A spokesman for the Federation of Islamic Associations, Abdur Razak, said a FIANZ investigation had shown that authorities had done nothing to try to overthrow Samsudin in the first year of his imprisonment.

In the 2018 SIS report, he was accused of terrorism, which is not the case, Razzak said.

It was a “deliberate attempt to mislead and contradict the court’s ruling. This is evidence of Islamophobia in government agencies, including the NZSIS, as noted by the Royal Commission.

“This is one of many examples where the prime minister could have been misinformed,” he said.

Samsudeen’s threat assessments from a joint police-SIS-correction operation were issued at a time when police intelligence collection was generally broken and weak, and SIS data collection was slowly improving from a very low mark in 2014.

All three agencies declined to comment while awaiting a formal investigation protocol in May.

Eleven government agencies were copied in the SIS report.

He launched an investigation into Samsudin in September 2015 because of his Facebook posts about violence and Islamic State.
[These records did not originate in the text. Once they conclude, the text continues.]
text \<open>Sufficiency: a convex function equal to 1 at v_j whose edge slopes at
  v_j are all at least -1 dominates the j-th barycentric coordinate, because
  its tangent plane at v_j already does.\<close>

lemma dominates_if_edge_slope:
  fixes f :: "real^'n::finite \<Rightarrow> real"
  assumes cvx: "convex_on simplexS f"
    and diff: "f differentiable (at (vertex j))" and one: "f (vertex j) = 1"
    and slope: "\<And>i. i \<noteq> j \<Longrightarrow> - 1 \<le> dderiv f (vertex i - vertex j) (vertex j)"
    and w: "w \<in> simplexS"
  shows "bary w j \<le> f w"
proof -
  obtain D where D: "(f has_derivative D) (at (vertex j))"
    using diff unfolding differentiable_def by blast
  have lin: "linear D" using D has_derivative_linear by blast
  have "D (w - vertex j) = (\<Sum>i\<in>UNIV. bary w i * D (vertex i - vertex j))"
    unfolding sum_bary_displacement[symmetric, of w "vertex j"]
    by (simp only: linear_sum[OF lin] linear_scale[OF lin] real_scaleR_def)
  also have "\<dots> \<ge> (\<Sum>i\<in>UNIV. - bary w i + (if i = j then bary w i else 0))"
  proof (rule sum_mono)
    fix i
    show "- bary w i + (if i = j then bary w i else 0) \<le> bary w i * D (vertex i - vertex j)"
    proof (cases "i = j")
      case True
      then show ?thesis by (simp add: linear_0[OF lin])
    next
      case False
      have "- 1 \<le> D (vertex i - vertex j)"
        using slope[OF False] dderiv_eq[OF D] by simp
      moreover have "0 \<le> bary w i" using w simplexS_iff_bary by blast
      ultimately have "bary w i * (- 1) \<le> bary w i * D (vertex i - vertex j)"
        by (rule mult_left_mono)
      with False show ?thesis by simp
    qed
  qed
  also have "(\<Sum>i\<in>UNIV. - bary w i + (if i = j then bary w i else 0)) = bary w j - 1"
    by (simp only: sum.distrib sum_negf sum_bary sum.delta finite UNIV_I if_True)
  finally show ?thesis
    using convex_on_above_tangent[OF cvx vertex_in_simplexS w D] one by simp
qed

theorem mainTheorem5:
  fixes A :: "real^'n::finite \<Rightarrow> real" and k :: nat
  assumes "A \<in> classA"
    and "k \<ge> 1"
    and "convex_on simplexS (bernstein A k)"
    and "\<forall>j. bernstein A k (vertex j) = 1"
  shows "(\<forall>w\<in>simplexS. bernstein A k w \<ge> maxc w) \<longleftrightarrow>
         (\<forall>i j. i \<noteq> j \<longrightarrow> dderiv (bernstein A k) (vertex i - vertex j) (vertex j) \<ge> -1)"
proof -
  let ?B = "bernstein A k"
  have one: "?B (vertex j) = 1" for j using assms(4) by blast
  have "(\<forall>w\<in>simplexS. ?B w \<ge> maxc w) \<longleftrightarrow> (\<forall>j. \<forall>w\<in>simplexS. bary w j \<le> ?B w)"
    by (auto simp: maxc_le_iff)
  also have "\<dots> \<longleftrightarrow> (\<forall>i j. i \<noteq> j \<longrightarrow> - 1 \<le> dderiv ?B (vertex i - vertex j) (vertex j))"
  proof
    assume "\<forall>j. \<forall>w\<in>simplexS. bary w j \<le> ?B w"
    then show "\<forall>i j. i \<noteq> j \<longrightarrow> - 1 \<le> dderiv ?B (vertex i - vertex j) (vertex j)"
      using edge_slope_if_dominates[OF bernstein_differentiable one] by blast
  next
    assume "\<forall>i j. i \<noteq> j \<longrightarrow> - 1 \<le> dderiv ?B (vertex i - vertex j) (vertex j)"
    then show "\<forall>j. \<forall>w\<in>simplexS. bary w j \<le> ?B w"
      using dominates_if_edge_slope[OF assms(3) bernstein_differentiable one] by blast
  qed
  finally show ?thesis .
qed

end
In the end, they were recognized as R18, but do not cause objections.

In 2018 alone, the SIS and the Threat Assessment Team (CTAG) conducted six threat assessments, including around the release of Samsudin on bail in June.

Ahmed Samsudin, also known as Ahmed - to the left of the visa application, to the right while he was in prison.  Photo / Supplied
Ahmed Samsudin, also known as Ahmed – to the left of the visa application, to the right while he was in prison. Photo / Supplied

He had twice been denied bail twice because of the “risk of violent crime.”

A few weeks after he received bail, the SIS said Samsudin was almost certainly mobilizing for an act of violence in New Zealand. The agency has repeatedly warned about this when he was blocked from traveling abroad to participate in jihad – and he was blocked.

At the same time, the CTAG stated that Samsudeen is a “medium” risk, with the ability to carry out an attack with low sophistication using a bladed or other improvised weapon and / or possibly a vehicle.

When he was sentenced in September 2018 to reduce the charges, the Probation Service assessed him as “low average probability of recidivism, but with a low risk of harm”, and the forensic psychiatrist – as “low risk of recidivism”, but the judge disagreed.

A year earlier, after Samsudin’s arrest, his brother had written to authorities that “terrible and painful incidents” in Sri Lanka had led to Samsudin’s mental instability, and that isolated as a refugee in New Zealand, he had fallen into a trap of controversial material online. .

“Any person who suffers from impaired thinking deserves another chance to remake their future,” the brother wrote.

Although the Crown and the defense agreed in September 2018 for one year of supervision because new charges had been filed against Samsudin by then, he did not come out.

He will spend the next three years in custody, including one year in the strict regime wing, which also housed the attacker on the Christchurch Mosque, a unit the ombudsman has strongly criticized for significant security concerns and little rehabilitation opportunities.

Eventually, when he was convicted of two nasty violent religious hymns and released under supervision in July 2021, the judge ordered his rehabilitation, noting that he had the means and motivation to commit acts of violence in society and “despite that has not been severely offended so far as it poses a very high risk of harming others ”.

Police kept him under 24-hour surveillance for the next 53 days, until the day of the attack on LynnMall, where he regularly went shopping.